Collected data

lemma brk_degree_op_mult_embed:
  assumes op: "\<And>b a. Op b a = (if fst b = fst a then d (snd b) (snd a) else 0)"
    and d_on: "\<And>j i. d j i \<noteq> 0 \<Longrightarrow> - int p \<le> i \<and> i \<le> int p \<and> - int p \<le> j \<and> j \<le> int p"
  shows "brk (Vidx p) Op (mult_embed p A) = mzero"
  unfolding fun_eq_iff
proof (intro allI)
  fix b a :: "bool \<times> int"
  have m1: "mmul (Vidx p) Op (mult_embed p A) b a =
      (if (fst b, snd a) \<in> Vidx p then Op b (fst b, snd a) * mult_embed p A (fst b, snd a) a else 0)"
    unfolding mmul_def by (rule sum_single[OF finite_Vidx]) (auto simp: op mult_embed_def)
  have m2: "mmul (Vidx p) (mult_embed p A) Op b a =
      (if (fst a, snd b) \<in> Vidx p then mult_embed p A b (fst a, snd b) * Op (fst a, snd b) a else 0)"
    unfolding mmul_def by (rule sum_single[OF finite_Vidx]) (auto simp: op mult_embed_def)
  show "brk (Vidx p) Op (mult_embed p A) b a = mzero b a"
  proof (cases "d (snd b) (snd a) = 0")
    case True
    then show ?thesis unfolding brk_def m1 m2 by (simp add: op mzero_def mult_embed_def)
  next
    case False
    then show ?thesis using d_on[OF False]
      unfolding brk_def m1 m2 by (simp add: op mzero_def mult_embed_def in_Vidx')
  qed
qed

lemma brk_Vdelta_mult_embed: "brk (Vidx p) (Vdelta p) (mult_embed p A) = mzero"
  by (rule brk_degree_op_mult_embed[where d="\<lambda>j i. if j = i - 1 \<and> - int p < i \<and> i \<le> int p then 1 else 0"])
    (auto simp: Vdelta_def split: if_splits)

lemma brk_Eop_mult_embed: "brk (Vidx p) (Eop p) (mult_embed p A) = mzero"
  by (rule brk_degree_op_mult_embed[where d="\<lambda>j i. if j = i + 1 \<and> - int p \<le> i \<and> i < int p
      then of_int ((int p - i) * (int p + i + 1)) else 0"])
    (auto simp: Eop_def split: if_splits)

text \<open>Conversely, a degree-0 matrix commuting with delta is constant along the degrees, hence
  lies in the image of mult_embed.\<close>
lemma mult_embed_block_at_bottom:
  assumes mX: "mat_on (Vidx p) X" and hX: "homog Vdeg 0 X"
    and dX: "brk (Vidx p) (Vdelta p) X = mzero"
  shows "X = mult_embed p (block_at_bottom p X)"
proof -
  have const: "X (y, i) (x, i) = X (y, - int p) (x, - int p)" if "- int p \<le> i" "i \<le> int p" for x y i
  proof (rule arith_progression_int[where c=0, simplified, OF _ that])
    fix i assume "- int p < i" "i \<le> int p"
    then show "X (y, i) (x, i) = X (y, i - 1) (x, i - 1)"
      using fun_cong[OF fun_cong[OF dX, of "(y, i - 1)"], of "(x, i)"]
      unfolding brk_Vdelta[OF mX] by (simp add: mzero_def)
  qed
  have "X b a = mult_embed p (block_at_bottom p X) b a" for b a
  proof (cases "a \<in> Vidx p \<and> snd b = snd a")
    case True
    obtain x y i where ab: "a = (x, i)" "b = (y, i)" using True by (cases a; cases b) auto
    show ?thesis using True const[of i y x] unfolding ab
      by (cases x; cases y) (auto simp: mult_embed_def block_at_bottom_def)
  next
    case False
    have "X b a = 0"
    proof (rule ccontr)
      assume nz: "X b a \<noteq> 0"
      then have "snd b = snd a" using homog_V[OF hX nz] by simp
      moreover have "a \<in> Vidx p" using mat_onD[OF mX nz] by blast
      ultimately show False using False by simp
    qed
    then show ?thesis using False by (auto simp: mult_embed_def)
  qed
  then show ?thesis by (simp add: fun_eq_iff)
qed

lemma block_at_bottom_sl2: "X (False, - int p) (False, - int p) + X (True, - int p) (True, - int p) = 0
    \<Longrightarrow> block_at_bottom p X \<in> sl2_set"
  by (auto simp: sl2_set_def mat_on_def block_at_bottom_def)

lemma Vform_corner: "Vform p (False, - int p) (True, int p) = 1"
proof -
  have "nat (2 * int p) = 2 * p" by simp
  then show ?thesis by (simp add: Vform_def power_mult)
qed

context V_setting
begin

text \<open>The candidate for lmax: the image of sl_2 acting on the multiplicity space.\<close>
definition Lsl2 :: "(bool \<times> int \<Rightarrow> bool \<times> int \<Rightarrow> complex) set" where
  "Lsl2 = mult_embed p ` sl2_set"

lemma Lsl2_subspace: "msubspace V Lsl2"
  unfolding msubspace_def Lsl2_def
proof (intro conjI ballI allI)
  show "mult_embed p ` sl2_set \<subseteq> {X. mat_on V X}" using mat_on_mult_embed by blast
  show "mzero \<in> mult_embed p ` sl2_set" using mult_embed_mzero mzero_sl2 by (metis image_eqI)
  fix X Y assume "X \<in> mult_embed p ` sl2_set" "Y \<in> mult_embed p ` sl2_set"
  then obtain A B where "A \<in> sl2_set" "B \<in> sl2_set" "X = mult_embed p A" "Y = mult_embed p B" by blast
  then show "madd X Y \<in> mult_embed p ` sl2_set" using sl2_closed(1) mult_embed_madd by (metis image_eqI)
next
  fix c X assume "X \<in> mult_embed p ` sl2_set"
  then obtain A where "A \<in> sl2_set" "X = mult_embed p A" by blast
  then show "msc c X \<in> mult_embed p ` sl2_set" using sl2_closed(2) mult_embed_msc by (metis image_eqI)
qed

lemma Lsl2_lie_sub: "lie_sub V Lsl2"
  unfolding lie_sub_def
proof (intro conjI Lsl2_subspace ballI)
  fix X Y assume "X \<in> Lsl2" "Y \<in> Lsl2"
  then obtain A B where "A \<in> sl2_set" "B \<in> sl2_set" "X = mult_embed p A" "Y = mult_embed p B"
    unfolding Lsl2_def by blast
  then show "brk V X Y \<in> Lsl2"
    using mult_embed_brk sl2_closed(3) unfolding Lsl2_def by (metis image_eqI)
qed

lemma Lsl2_iso_sl2: "iso_sl2 V Lsl2"
  unfolding iso_sl2_def
proof (intro exI[of _ "mult_embed p"] conjI ballI allI)
  show "bij_betw (mult_embed p) sl2_set Lsl2"
    unfolding bij_betw_def Lsl2_def inj_on_def using mult_embed_inj by (auto simp: sl2_set_def)
qed (simp_all add: mult_embed_madd mult_embed_brk mult_embed_msc)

- **What you will do**
Would you please repeat exactly the lines above, starting at the line with "(Vdelta p) X" and stopping at the line with "a = mult_embed", both included?

- **Solution to the problem**
    and dX: "brk (Vidx p) (Vdelta p) X = mzero"
  shows "X = mult_embed p (block_at_bottom p X)"
proof -
  have const: "X (y, i) (x, i) = X (y, - int p) (x, - int p)" if "- int p \<le> i" "i \<le> int p" for x y i
  proof (rule arith_progression_int[where c=0, simplified, OF _ that])
    fix i assume "- int p < i" "i \<le> int p"
    then show "X (y, i) (x, i) = X (y, i - 1) (x, i - 1)"
      using fun_cong[OF fun_cong[OF dX, of "(y, i - 1)"], of "(x, i)"]
      unfolding brk_Vdelta[OF mX] by (simp add: mzero_def)
  qed
  have "X b a = mult_embed p (block_at_bottom p X) b a" for b a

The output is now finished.